Eugène Delacroix, « plusieurs vérités irréfutables »
1. Vu à une distance trop grande pour analyser ou même comprende le sujet, un tableau de D a déjà produit sur l’âme une impression riche, heureuse ou mélancolique « On dirait que cette peinture, comme les sorciers et les magnétiseurs, projette sa pensée à distance » : tient à la puissance du coloriste, à l’accord parfait des tons, et à l’harmonie entre la couleur et le sujet : « Il semble que cette couleur […] pense par elle-même, indépendamment des objets qu’elle habille. 2. Delacroix, lac de sang, hanté des mauvais anges, Ombragé par un bois de sapins toujours vert, Où, sous un ciel chagrin, des fanfares étranges Passent comme un soupir étouffé de Weber ; lac de sang : le rouge ; hanté des mauvais anges : surnaturalisme ; un bois toujours vers : le vert, complémentaire du rouge ; un ciel chagrin : les fonds tumultueux et orageux de ses tableaux ; les fanfares de Weber : idées de musique romantique que réveillent harmonies de sa couleur 3. Le dessin de Delacroix : un bon dessin n’est pas une ligne dure, cruelle, despotique, immobile, enfermant une figure comme une camisole de force ; le dessin doit être comme la nature, vivant et agité ; la simplification dans le dessin est une monstruosité, comme la tragédie dans le monde dramatique ; la nature nous présente une infinité de lignes courbes, fuyantes, brisées, suivant une loi de génération impeccable, où le parallélisme est toujours indécis et sinueux, où les concavités et les convexités se correspondent et se poursuivent ; « M. Delacroix satisfait admirablement à toutes ces conditions […] immense mérite d’être une protestation perpétuelle et efficace contre la barbare invasion de la ligne droite, cette ligne tragique et systématique, dont actuellement les ravages sont déjà immenses dans la peinture et la sculpture. » 4. Edgar Poe : le résultat de l’opium pour les sens = revêtir la nature entière d’un intérêt surnaturel qui donne à chaque objet un sens plus profond, plus volontaire, plus despotique […] La peinture de D me paraît la traduction de ces beaux jours de l’esprit.
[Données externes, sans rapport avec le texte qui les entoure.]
(* Let $A$ be a $d\times n$ matrix with integer entries and $\ker(A)\cap\mathbb R^{n}_{\ge0}=\{\mathbf 0\}$. Let $\mathbf c$ be a column of $A$, let $\mathbf c'\in\mathbb Z^{d}$, and let $A'$ be the matrix obtained from $A$ by replacing the column $\mathbf c$ with $\mathbf c'$. If $p_{A'}(\mathbf c)\ge p_A(\mathbf c)$, then $p_{A'}(\mathbf b)\ge p_A(\mathbf b)$ for all $\mathbf b\in\mathbb Z^d_{\ge0}$.
   Context: For an integer matrix $M$ with $r$ columns and $\mathbf b$ a vector, $p_M(\mathbf b)=\#\{\mathbf x\in\mathbb Z^r_{\ge0}:M\mathbf x=\mathbf b\}$ (the vector partition function; counted as a cardinality). *)

theory Defs
  imports "HOL-Analysis.Analysis" "HOL-Library.Extended_Nat"
begin

definition vpf :: "int^'n^'d \<Rightarrow> int^'d \<Rightarrow> enat" where
  "vpf M b = (let S = {x :: nat^'n. M *v (\<chi> i. int (x $ i)) = b}
              in if finite S then enat (card S) else \<infinity>)"

definition replace_col :: "int^'n^'d \<Rightarrow> 'n \<Rightarrow> int^'d \<Rightarrow> int^'n^'d" where
  "replace_col M j c' = (\<chi> i k. if k = j then c' $ i else M $ i $ k)"

end

theory Submission
  imports Defs
begin

text \<open>
  The kernel condition makes every p_A(b) finite: by Dickson's lemma an infinite set of
  solutions contains two solutions x < y, and then y - x is a nonzero nonnegative kernel vector.
  The solutions of A'x = c with x_j = 0 are those of Ax = c with x_j = 0, while Ax = c has the
  further solution e_j; so p_A'(c) \<ge> p_A(c) forces a solution x0 of A'x0 = c with x0_j > 0.
  Trading, in a solution x of Ax = b, the x_j copies of the column c for x_j copies of x0 gives a
  solution y of A'y = b, and this map is injective because y_j = x_j x0_j.
\<close>

lemma incseq_subseq_nat:
  fixes s :: "nat \<Rightarrow> nat"
  obtains r where "strict_mono r" "incseq (s \<circ> r)"
proof -
  obtain g where g: "strict_mono g" "monoseq (s \<circ> g)"
    using seq_monosub by (auto simp: o_def)
  show thesis
  proof (cases "incseq (s \<circ> g)")
    case True
    with g(1) show thesis by (rule that)
  next
    case False
    with g have dec: "decseq (s \<circ> g)" by (simp add: monoseq_iff)
    obtain m where m: "\<And>n. s (g m) \<le> s (g n)"
      using ex_has_least_nat[of "\<lambda>_. True" 0 "s \<circ> g"] by auto
    have const: "s (g (n + m)) = s (g m)" for n
      using dec m[of "n + m"] by (auto simp: decseq_def intro: order.antisym)
    show thesis
    proof (rule that)
      show "strict_mono (g \<circ> (\<lambda>n. n + m))"
        using g(1) by (simp add: strict_mono_def)
      show "incseq (s \<circ> (g \<circ> (\<lambda>n. n + m)))"
        by (simp add: incseq_def const)
    qed
  qed
qed

lemma coordinatewise_incseq_subseq:
  fixes f :: "nat \<Rightarrow> nat^'n"
  assumes "finite I"
  shows "\<exists>r. strict_mono r \<and> (\<forall>k\<in>I. incseq (\<lambda>n. f (r n) $ k))"
  using assms
proof (induction I rule: finite_induct)
  case empty
  show ?case using strict_mono_id by blast
next
  case (insert a I)
  then obtain r where r: "strict_mono r" "\<forall>k\<in>I. incseq (\<lambda>n. f (r n) $ k)"
    by blast
  obtain r' where r': "strict_mono r'" "incseq ((\<lambda>n. f (r n) $ a) \<circ> r')"
    by (rule incseq_subseq_nat)
  have "strict_mono (r \<circ> r')"
    using r(1) r'(1) by (simp add: strict_mono_def)
  moreover have "incseq (\<lambda>n. f ((r \<circ> r') n) $ k)" if "k \<in> I" for k
    using r(2) that strict_mono_less_eq[OF r'(1)] by (simp add: incseq_def)
  ultimately show ?case
    using r'(2) by (auto simp: o_def)
qed

lemma dickson_nat_vec:
  assumes "infinite (S :: (nat^'n) set)"
  shows "\<exists>x\<in>S. \<exists>y\<in>S. x < y"
proof -
  obtain f :: "nat \<Rightarrow> nat^'n" where f: "inj f" "range f \<subseteq> S"
    using assms infinite_countable_subset by blast
  obtain r where r: "strict_mono r" "\<And>k. incseq (\<lambda>n. f (r n) $ k)"
    using coordinatewise_incseq_subseq[of UNIV f] by auto
  have "f (r 0) \<le> f (r 1)"
    using r(2) by (simp add: less_eq_vec_def incseq_def)
  moreover have "f (r 0) \<noteq> f (r 1)"
    using f(1) strict_mono_eq[OF r(1), of 0 1] by (auto dest: injD)
  moreover have "f (r 0) \<in> S" "f (r 1) \<in> S"
    using f(2) by auto
  ultimately show ?thesis
    unfolding order.strict_iff_order by blast
qed

definition int_vec :: "nat^'n \<Rightarrow> int^'n" where
  "int_vec x = (\<chi> i. int (x $ i))"

lemma int_vec_nth [simp]: "int_vec x $ i = int (x $ i)"
  by (simp add: int_vec_def)

lemma int_vec_add: "int_vec (x + y) = int_vec x + int_vec y"
  by (simp add: vec_eq_iff)

lemma int_vec_scalar_mult: "int_vec (c *s x) = int c *s int_vec x"
  by (simp add: vec_eq_iff vector_scalar_mult_def)

definition solutions :: "int^'n^'d \<Rightarrow> int^'d \<Rightarrow> (nat^'n) set" where
  "solutions M b = {x. M *v int_vec x = b}"

lemma vpf_solutions:
  "vpf M b = (if finite (solutions M b) then enat (card (solutions M b)) else \<infinity>)"
  by (simp add: vpf_def solutions_def int_vec_def Let_def)

lemma vpf_le_by_injection:
  assumes "finite (solutions M b)" "inj_on f (solutions M b)"
    and "f ` solutions M b \<subseteq> solutions M' b'"
  shows "vpf M b \<le> vpf M' b'"
  using card_inj_on_le[OF assms(2,3)] assms(1) by (simp add: vpf_solutions)

lemma map_matrix_of_int_mult_vec:
  "map_matrix (of_int :: int \<Rightarrow> 'a::ring_1) A *v (\<chi> k. of_int (v $ k))
     = (\<chi> i. of_int ((A *v v) $ i))"
  by (simp add: matrix_vector_mult_def vec_eq_iff)

lemma finite_solutions:
  fixes A :: "int^'n^'d"
  assumes ker: "\<forall>x :: real^'n. (\<forall>k. x $ k \<ge> 0) \<and> (map_matrix real_of_int A) *v x = 0 \<longrightarrow> x = 0"
  shows "finite (solutions A b)"
proof (rule ccontr)
  assume "infinite (solutions A b)"
  then obtain x y where sol: "x \<in> solutions A b" "y \<in> solutions A b" and "x < y"
    using dickson_nat_vec by blast
  then have le: "x \<le> y" and ne: "x \<noteq> y" by auto
  define z :: "real^'n" where "z = (\<chi> k. of_int ((int_vec y - int_vec x) $ k))"
  have "A *v (int_vec y - int_vec x) = 0"
    using sol by (simp add: solutions_def matrix_vector_mult_diff_distrib)
  then have "map_matrix real_of_int A *v z = 0"
    unfolding z_def map_matrix_of_int_mult_vec by (simp add: vec_eq_iff)
  moreover have "\<forall>k. z $ k \<ge> 0"
    using le by (simp add: z_def less_eq_vec_def)
  ultimately have "z = 0" using ker by blast
  then have "x = y" by (simp add: z_def vec_eq_iff)
  with ne show False ..
qed

lemma matrix_vector_mult_split_column:
  fixes M :: "'a::comm_ring_1^'n^'m"
  shows "M *v y = M *v (\<chi> k. if k = j then 0 else y $ k) + y $ j *s column j M"
  by (simp add: matrix_vector_mult_def vec_eq_iff column_def vector_scalar_mult_def if_distrib
      sum.If_cases Compl_eq_Diff_UNIV sum.remove[of UNIV j] mult.commute)

lemma matrix_vector_mult_scalar_commute:
  fixes M :: "'a::comm_semiring_1^'n^'m"
  shows "M *v (c *s y) = c *s (M *v y)"
  by (simp add: vector_scalar_mult_def matrix_vector_mult_def mult_ac sum_distrib_left)

lemma matrix_vector_mult_replace_col:
  "y $ j = 0 \<Longrightarrow> replace_col M j c' *v y = M *v y"
  unfolding matrix_vector_mult_def replace_col_def
  by (auto simp: vec_eq_iff intro!: sum.cong)

lemma column_replace_col [simp]: "column j (replace_col M j c') = c'"
  by (simp add: column_def replace_col_def)

lemma ex_solution_using_replaced_column:
  fixes A :: "int^'n^'d"
  assumes fin: "finite (solutions A (column j A))"
    and le: "vpf A (column j A) \<le> vpf (replace_col A j c') (column j A)"
  shows "\<exists>x0 \<in> solutions (replace_col A j c') (column j A). x0 $ j \<noteq> 0"
proof (rule ccontr)
  let ?S = "solutions A (column j A)" and ?S' = "solutions (replace_col A j c') (column j A)"
  define e :: "nat^'n" where "e = axis j 1"
  assume "\<not> ?thesis"
  then have zero: "x $ j = 0" if "x \<in> ?S'" for x
    using that by blast
  have "?S' \<subseteq> ?S - {e}"
  proof
    fix x assume x: "x \<in> ?S'"
    then have "int_vec x $ j = 0" using zero by simp
    then have "x \<in> ?S"
      using x by (simp add: solutions_def matrix_vector_mult_replace_col)
    moreover have "x \<noteq> e"
      using zero[OF x] by (auto simp: e_def axis_def vec_eq_iff)
    ultimately show "x \<in> ?S - {e}" by blast
  qed
  moreover have "e \<in> ?S"
  proof -
    have "(\<chi> k. if k = j then 0 else int_vec e $ k) = 0" "int_vec e $ j = 1"
      by (simp_all add: e_def axis_def vec_eq_iff)
    then show ?thesis
      using matrix_vector_mult_split_column[of A "int_vec e" j] by (simp add: solutions_def)
  qed
  ultimately have "?S' \<subset> ?S" by blast
  then have "finite ?S'" "card ?S' < card ?S"
    using fin by (auto intro: psubset_card_mono rev_finite_subset)
  with le fin show False by (simp add: vpf_solutions)
qed

lemma inj_map_solutions_replace_col:
  fixes A :: "int^'n^'d"
  assumes x0: "x0 \<in> solutions (replace_col A j c') (column j A)" and "x0 $ j \<noteq> 0"
  defines "subst \<equiv> \<lambda>x. (\<chi> i. if i = j then 0 else x $ i) + x $ j *s x0"
  shows "inj subst" and "subst ` solutions A b \<subseteq> solutions (replace_col A j c') b"
proof -
  show "inj subst"
  proof (rule injI)
    fix x y assume eq: "subst x = subst y"
    have "subst z $ j = z $ j * x0 $ j" for z
      by (simp add: subst_def vector_scalar_mult_def)
    with eq \<open>x0 $ j \<noteq> 0\<close> have xj: "x $ j = y $ j" by (metis mult_right_cancel)
    show "x = y"
      unfolding vec_eq_iff
    proof
      fix i
      show "x $ i = y $ i"
        using xj arg_cong[OF eq, of "\<lambda>v. v $ i"]
        by (cases "i = j") (auto simp: subst_def vector_scalar_mult_def)
    qed
  qed
  show "subst ` solutions A b \<subseteq> solutions (replace_col A j c') b"
  proof
    fix y assume "y \<in> subst ` solutions A b"
    then obtain x where x: "A *v int_vec x = b" and y: "y = subst x"
      by (auto simp: solutions_def)
    define x' :: "int^'n" where "x' = (\<chi> k. if k = j then 0 else int_vec x $ k)"
    have "int_vec y = x' + int (x $ j) *s int_vec x0"
      by (simp add: y subst_def int_vec_add int_vec_scalar_mult x'_def vec_eq_iff)
    then have "replace_col A j c' *v int_vec y
        = A *v x' + int (x $ j) *s column j A"
      using x0 by (simp add: matrix_vector_right_distrib matrix_vector_mult_scalar_commute
          matrix_vector_mult_replace_col x'_def solutions_def)
    also have "\<dots> = b"
      using x matrix_vector_mult_split_column[of A "int_vec x" j] by (simp add: x'_def)
    finally show "y \<in> solutions (replace_col A j c') b"
      by (simp add: solutions_def)
  qed
qed

theorem mainTheorem16:
  fixes A :: "int^'n^'d" and j :: 'n and c' :: "int^'d"
  assumes ker: "\<forall>x :: real^'n. (\<forall>k. x $ k \<ge> 0) \<and> (map_matrix real_of_int A) *v x = 0 \<longrightarrow> x = 0"
    and le: "vpf (replace_col A j c') (column j A) \<ge> vpf A (column j A)"
  shows "\<forall>b :: int^'d. (\<forall>i. b $ i \<ge> 0) \<longrightarrow> vpf (replace_col A j c') b \<ge> vpf A b"
proof (intro allI impI)
  fix b :: "int^'d"
  obtain x0 where "x0 \<in> solutions (replace_col A j c') (column j A)" "x0 $ j \<noteq> 0"
    using ex_solution_using_replaced_column[OF finite_solutions[OF ker] le] by blast
  from inj_map_solutions_replace_col[OF this]
  show "vpf A b \<le> vpf (replace_col A j c') b"
    by (blast intro: vpf_le_by_injection finite_solutions[OF ker] inj_on_subset)
qed

end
Elle est revêtue d’intensité et sa splendeur est privilégiée. Comme la nature perçue par des nerfs ultra-sensible, elle révèle le surnaturalisme. Remarque : dans un tableau de Courbet ou d’Ingres, il n’y aurait pas d’appel à la rêverie, que ce qu’il y a à voir. Le fini lisse d’Ingres c'est la ligne parfaite, quasi sculpturale.